In mid season 6, Danny gets acupuncture done to his back.  While he was there, his wallet, dog tags, and badge were stolen.  Later on, Danny found his dog tags at a crime scene that he and Flack were working.  On the tags were found the prints of Shane Casey, the escaped serial killer from Season 3, who has a history of targeting those who he sees as working against him.

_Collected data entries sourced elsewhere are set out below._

theorem corollary4p6:
  fixes \<rho> \<mu>1 \<mu>2 \<sigma>1 \<sigma>2 lamU lamL p \<delta> \<eta>0 \<eta>1 \<eta>2 S10 S20 xl xu xhat :: real
    and g g' g'' :: "real \<Rightarrow> real"
    and M :: "'w measure"
    and S1 S2 H X :: "real \<Rightarrow> 'w \<Rightarrow> real"
  assumes rho: "-1 < \<rho>" "\<rho> < 1"
    and sig: "\<sigma>1 > 0" "\<sigma>2 > 0"
    and S0pos: "S10 > 0" "S20 > 0"
    and lam: "lamU > 0" "0 < lamL" "lamL < 1"
    and pp: "p < 1" "p \<noteq> 0"
    and standing1: "\<delta> > qexp p / (2 * (1 - \<rho>^2)) *
        ((\<mu>1/\<sigma>1)^2 + (\<mu>2/\<sigma>2)^2 - 2 * \<rho> * \<mu>1 * \<mu>2 / (\<sigma>1 * \<sigma>2))"
    and standing2: "\<mu>1 \<noteq> \<rho> * \<mu>2 * \<sigma>1 / \<sigma>2"
    and standing3: "\<mu>2 \<noteq> \<rho> * \<sigma>1 * \<sigma>2 / (1 + qexp p)"
    and solvent: "\<eta>0 + (1 - lamL) * S10 * max \<eta>1 0 - (1 + lamU) * S10 * max (- \<eta>1) 0 + S20 * \<eta>2 > 0"
    and xlu: "xl < xu"
    and dg: "\<And>x. x \<in> {xl..xu} \<Longrightarrow> (g has_real_derivative g' x) (at x within {xl..xu})"
    and dg': "\<And>x. x \<in> {xl..xu} \<Longrightarrow> (g' has_real_derivative g'' x) (at x within {xl..xu})"
    and cg'': "continuous_on {xl..xu} g''"
    and G1: "if \<mu>1 > \<rho> * \<mu>2 * \<sigma>1 / \<sigma>2 then 0 < xl \<and> xl < xu else xl < xu \<and> xu < 0"
    and G2: "\<And>x. x \<in> {xl..xu} \<Longrightarrow>
        (INF z \<in> G2dom \<sigma>1. G2obj \<rho> \<mu>1 \<mu>2 \<sigma>1 \<sigma>2 p \<delta> g g' x z) = 0"
    and G3: "g' xl = 0" "g' xu = 0"
        "integral {xl..xu} (\<lambda>x. g' x / x) = ln ((1 + lamU) / (1 - lamL))"
    and G4: "\<And>x. x \<in> {xl..xu} \<Longrightarrow>
        qexp p * g x > 0 \<and>
        qexp p * g x * (g' x + 1) - (1 + qexp p) * x * g' x > 0 \<and>
        qexp p * (g x - x * g' x) > 0 \<and> g' x + 1 > 0"
    and G5: "\<And>x. x \<in> {xl<..<xu} \<Longrightarrow> g' x / x > 0"
    and xhat: "let \<xi> = (\<lambda>x. \<eta>0 + \<eta>1 * S10 * exp (ffun lamL xu g' x) + \<eta>2 * S20);
                   r = (\<lambda>x. \<eta>1 * S10 * exp (ffun lamL xu g' x) - \<xi> x * x / (qexp p * g x))
               in (if (\<forall>x \<in> {xl..xu}. r x > 0) then xhat = xu
                   else if (\<forall>x \<in> {xl..xu}. r x < 0) then xhat = xl
                   else xhat \<in> {xl..xu} \<and> r xhat = 0)"
    and prob: "prob_space M"
    and Spos: "AE \<omega> in M. \<forall>t\<ge>0. S1 t \<omega> > 0 \<and> S2 t \<omega> > 0"
    and Hpos: "AE \<omega> in M. \<forall>t\<ge>0. H t \<omega> > 0"
    and X0: "AE \<omega> in M. X 0 \<omega> = xhat"
    and Xrange: "AE \<omega> in M. \<forall>t\<ge>0. X t \<omega> \<in> {xl..xu}"
  shows
    "let q = qexp p;
         f = ffun lamL xu g';
         \<pi>1 = pi1 \<rho> \<mu>1 \<mu>2 \<sigma>1 \<sigma>2 p \<delta> g g';
         \<pi>2 = pi2 \<rho> \<mu>1 \<mu>2 \<sigma>1 \<sigma>2 p \<delta> g g';
         \<xi> = (\<lambda>x. \<eta>0 + \<eta>1 * S10 * exp (f x) + \<eta>2 * S20);
         W = (\<lambda>t \<omega>. \<xi> xhat * exp (- (1 + q) * \<delta> * t) * H t \<omega> powr (- (1 + q))
                       * g (X t \<omega>) / g xhat);
         St = (\<lambda>t \<omega>. S1 t \<omega> * exp (f (X t \<omega>)));
         \<phi>0 = (\<lambda>t \<omega>. (1 - \<pi>1 (X t \<omega>) - \<pi>2 (X t \<omega>)) * W t \<omega>);
         \<phi>1 = (\<lambda>t \<omega>. \<pi>1 (X t \<omega>) * W t \<omega> / St t \<omega>);
         \<phi>2 = (\<lambda>t \<omega>. \<pi>2 (X t \<omega>) * W t \<omega> / S2 t \<omega>);
         \<pi>lo = \<pi>1 xl / (\<pi>1 xl + (1 + lamU) * (1 - \<pi>1 xl));
         \<pi>hi = \<pi>1 xu / (\<pi>1 xu + (1 - lamL) * (1 - \<pi>1 xu))
     in AE \<omega> in M. \<forall>t\<ge>0.
          \<pi>lo \<le> \<phi>1 t \<omega> * S1 t \<omega> / (\<phi>0 t \<omega> + \<phi>1 t \<omega> * S1 t \<omega> + \<phi>2 t \<omega> * S2 t \<omega>) \<and>
          \<phi>1 t \<omega> * S1 t \<omega> / (\<phi>0 t \<omega> + \<phi>1 t \<omega> * S1 t \<omega> + \<phi>2 t \<omega> * S2 t \<omega>) \<le> \<pi>hi"
proof -
  interpret free_boundary_solution \<rho> \<mu>1 \<mu>2 \<sigma>1 \<sigma>2 p \<delta> lamU lamL xl xu g g'
  proof
    show "\<rho>^2 < 1" using rho by (simp add: abs_square_less_1)
    show "0 < xl \<or> xu < 0" using G1 by (auto split: if_splits)
    show "continuous_on {xl..xu} g'" by (rule DERIV_continuous_on) (use dg' in blast)
  qed (use sig pp lam xlu dg G3 G4 G5 in blast)+
  have xhat_in: "xhat \<in> {xl..xu}" using xhat xlu unfolding Let_def by (auto split: if_splits)
  have wealth: "\<eta>0 + \<eta>1 * S10 * exp (ffun lamL xu g' xhat) + \<eta>2 * S20 > 0"
    using initial_wealth_pos[OF solvent S0pos(1) exp_ffun_bounds[OF xhat_in]] .
  show ?thesis unfolding Let_def using Spos Hpos Xrange
  proof eventually_elim
    case (elim \<omega>)
    show ?case
    proof (intro allI impI, goal_cases)
      case (1 t)
      then have X: "X t \<omega> \<in> {xl..xu}" and S: "S1 t \<omega> > 0" "S2 t \<omega> > 0" and "H t \<omega> > 0"
        using elim by auto
      then have W: "(\<eta>0 + \<eta>1 * S10 * exp (ffun lamL xu g' xhat) + \<eta>2 * S20) * exp (- (1 + qexp p) * \<delta> * t)
          * H t \<omega> powr - (1 + qexp p) * g (X t \<omega>) / g xhat \<noteq> 0"
        using wealth g_nonzero[OF X] g_nonzero[OF xhat_in] by simp
      from share_bounds[OF X] show ?case
        unfolding illiquid_share_eq[OF W exp_gt_zero S] by simp
    qed
  qed
qed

In the season finale, "Vacation Getaway," Danny, Lindsay, and Lucy go on a vacation. While on vacation, they are unaware that the serial killer, Casey, is following them. The team tries to find them by their cell phone signals, but Danny doesn't have his, and Lindsay turned hers off. Lindsay turns her phone on to take a photo of Danny and Lucy before entering a lighthouse, so the other CSIs are able to locate them. While visiting the lighthouse, they meet Casey. Casey tells Lindsay and Lucy to leave because his fight is "not with them," and they go down to the police. In the end, Casey falls off of the lighthouse. Danny tries to help him and tells him to hold on. Casey lets go after saying, "Don't worry, Messer. I will." In the last moments of the episode, Lucy is crying, so Danny wakes up to go get her while Lindsay remains asleep. When he goes into her room, Casey is seen holding a crying Lucy with a smile on his face. Then the screen goes black and a gunshot is heard, leaving Danny's status a mystery.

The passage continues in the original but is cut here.